_WORK TASK_: Look through the records below for the line with "by (metis of_nat_less_iff of_nat_power)". Return that line and each one after it up to and including the line with "d k \<inter>", exactly.

_EXTRACTED ENTRIES_:
lemma digit_block_decomposition_exists:
  assumes "b \<ge> 2" "b ^ L \<le> n"
  shows "\<exists>m X. b ^ L \<le> m \<and> m < b ^ Suc L \<and> set X \<subseteq> {..<b} \<and> n = m * b ^ length X + strval b X"
  using assms(2)
proof (induction n rule: less_induct)
  case (less n)
  show ?case
  proof (cases "n < b ^ Suc L")
    case True
    then show ?thesis using less.prems by (intro exI[of _ n] exI[of _ "[]"]) auto
  next
    case False
    then have "b ^ L \<le> n div b"
      using assms(1) by (metis div_le_mono nonzero_mult_div_cancel_right not_less power_Suc2
          zero_neq_numeral le_zero_eq)
    moreover have "n div b < n"
      using assms(1) less.prems by (metis div_less_dividend le_zero_eq less_le_trans nat_less_le
          one_less_numeral_iff power_not_zero semiring_norm(76) zero_neq_numeral not_less)
    ultimately obtain m X where mX: "b ^ L \<le> m" "m < b ^ Suc L" "set X \<subseteq> {..<b}"
      "n div b = m * b ^ length X + strval b X" using less.IH by blast
    have "n = m * b ^ length (X @ [n mod b]) + strval b (X @ [n mod b])"
      using mX(4) div_mult_mod_eq[of n b] by (simp add: algebra_simps)
    then show ?thesis using mX assms(1)
      by (intro exI[of _ m] exI[of _ "X @ [n mod b]"]) auto
  qed
qed

lemma bij_betw_digit_blocks:
  assumes "b \<ge> 2"
  shows "bij_betw (\<lambda>(m, X). m * b ^ length X + strval b X)
           ({b ^ L..<b ^ Suc L} \<times> {X. set X \<subseteq> {..<b}}) {b ^ L..}"
proof (rule bij_betw_imageI)
  have "m = m' \<and> X = X'"
    if block: "b ^ L \<le> m" "m < b ^ Suc L" "set X \<subseteq> {..<b}"
      and block': "b ^ L \<le> m'" "m' < b ^ Suc L" "set X' \<subseteq> {..<b}"
      and eq: "m * b ^ length X + strval b X = m' * b ^ length X' + strval b X'" for m X m' X'
  proof -
    have "L + length X' < Suc L + length X" "L + length X < Suc L + length X'"
      using digit_block_bounds[OF assms block] digit_block_bounds[OF assms block'] eq assms
      by (metis le_less_trans one_less_numeral_iff power_less_imp_less_exp semiring_norm(76)
          order.strict_trans2)+
    then have len: "length X = length X'" by linarith
    have "b ^ length X > 0" using assms by simp
    then have "m = m'" "strval b X = strval b X'"
      using arg_cong[OF eq, of "\<lambda>t. t div b ^ length X"] arg_cong[OF eq, of "\<lambda>t. t mod b ^ length X"]
        strval_less_power[OF block(3)] strval_less_power[OF block'(3)] len
      by simp_all
    then show "m = m' \<and> X = X'" using strval_inj[OF block(3) block'(3) len] by simp
  qed
  then show "inj_on (\<lambda>(m, X). m * b ^ length X + strval b X) ({b ^ L..<b ^ Suc L} \<times> {X. set X \<subseteq> {..<b}})"
    by (auto simp: inj_on_def)
  have "b ^ L \<le> m * b ^ length X + strval b X"
    if "b ^ L \<le> m" "m < b ^ Suc L" "set X \<subseteq> {..<b}" for m X
    using digit_block_bounds(1)[OF assms that] power_increasing[of L "L + length X" b] assms
    by linarith
  then show "(\<lambda>(m, X). m * b ^ length X + strval b X) ` ({b ^ L..<b ^ Suc L} \<times> {X. set X \<subseteq> {..<b}})
      = {b ^ L..}"
    using digit_block_decomposition_exists[OF assms, of L] by fastforce
qed

(* mu_k is the sum over X in strs b d k of point masses str_weight b X at str_point b X. *)
definition str_weight :: "nat \<Rightarrow> nat list \<Rightarrow> real" where
  "str_weight b X = (1 / real b) ^ length X"

definition str_point :: "nat \<Rightarrow> nat list \<Rightarrow> real" where
  "str_point b X = real (strval b X) / real b ^ length X"

lemma umom_eq: "umom b d k m = infsum (\<lambda>X. str_weight b X * str_point b X ^ m) (strs b d k)"
  by (simp add: umom_def str_weight_def str_point_def)

lemma vmom_eq: "vmom b d k m = infsum (\<lambda>X. str_weight b X * (1 - str_point b X) ^ m) (strs b d k)"
  by (simp add: vmom_def str_weight_def str_point_def)

lemma str_weight_nonneg: "0 \<le> str_weight b X"
  by (simp add: str_weight_def)

lemma str_point_bounds:
  assumes "b \<ge> 2" "X \<in> strs b d k"
  shows "0 \<le> str_point b X" "str_point b X < 1"
proof -
  have "strval b X < b ^ length X"
    using assms(2) strval_less_power by (simp add: strs_def)
  then have "real (strval b X) < real b ^ length X"
    by (metis of_nat_less_iff of_nat_power)
  then show "0 \<le> str_point b X" "str_point b X < 1"
    using assms(1) by (simp_all add: str_point_def)
qed

lemma strs_length_filter_split:
  "strs b d k \<inter> {X. P (length X)} = (if k = 0 \<and> P 0 then {[]} else {}) \<union>
    (\<Union>c\<in>{..<b}. Cons c ` {X. set X \<subseteq> {..<b} \<and> count_list X d + (if c = d then 1 else 0) = k
                                   \<and> P (Suc (length X))})"
  (is "?L = ?R")
proof
  show "?L \<subseteq> ?R"
  proof
    fix X assume X: "X \<in> ?L"
    show "X \<in> ?R"
    proof (cases X)
      case (Cons c Y)
      then have "X \<in> Cons c ` {X. set X \<subseteq> {..<b} \<and> count_list X d + (if c = d then 1 else 0) = k
                                   \<and> P (Suc (length X))}"
        using X by (auto simp: strs_def)
      moreover have "c < b" using X Cons by (auto simp: strs_def)
      ultimately show ?thesis by blast
    qed (use X in \<open>auto simp: strs_def\<close>)
  qed
qed (auto simp: strs_def)

lemma has_sum_str_weight_Cons:
  assumes "(str_weight b has_sum s) A"
  shows "(str_weight b has_sum (s / b)) (Cons c ` A)"
proof -
  have "((\<lambda>X. str_weight b X * (1 / b)) has_sum (s * (1 / b))) A"
    by (rule has_sum_cmult_left[OF assms])
  then show ?thesis by (subst has_sum_reindex) (auto simp: str_weight_def comp_def)
qed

_RESPONSE TO THE TASK_:
    by (metis of_nat_less_iff of_nat_power)
  then show "0 \<le> str_point b X" "str_point b X < 1"
    using assms(1) by (simp_all add: str_point_def)
qed

lemma strs_length_filter_split:
  "strs b d k \<inter> {X. P (length X)} = (if k = 0 \<and> P 0 then {[]} else {}) \<union>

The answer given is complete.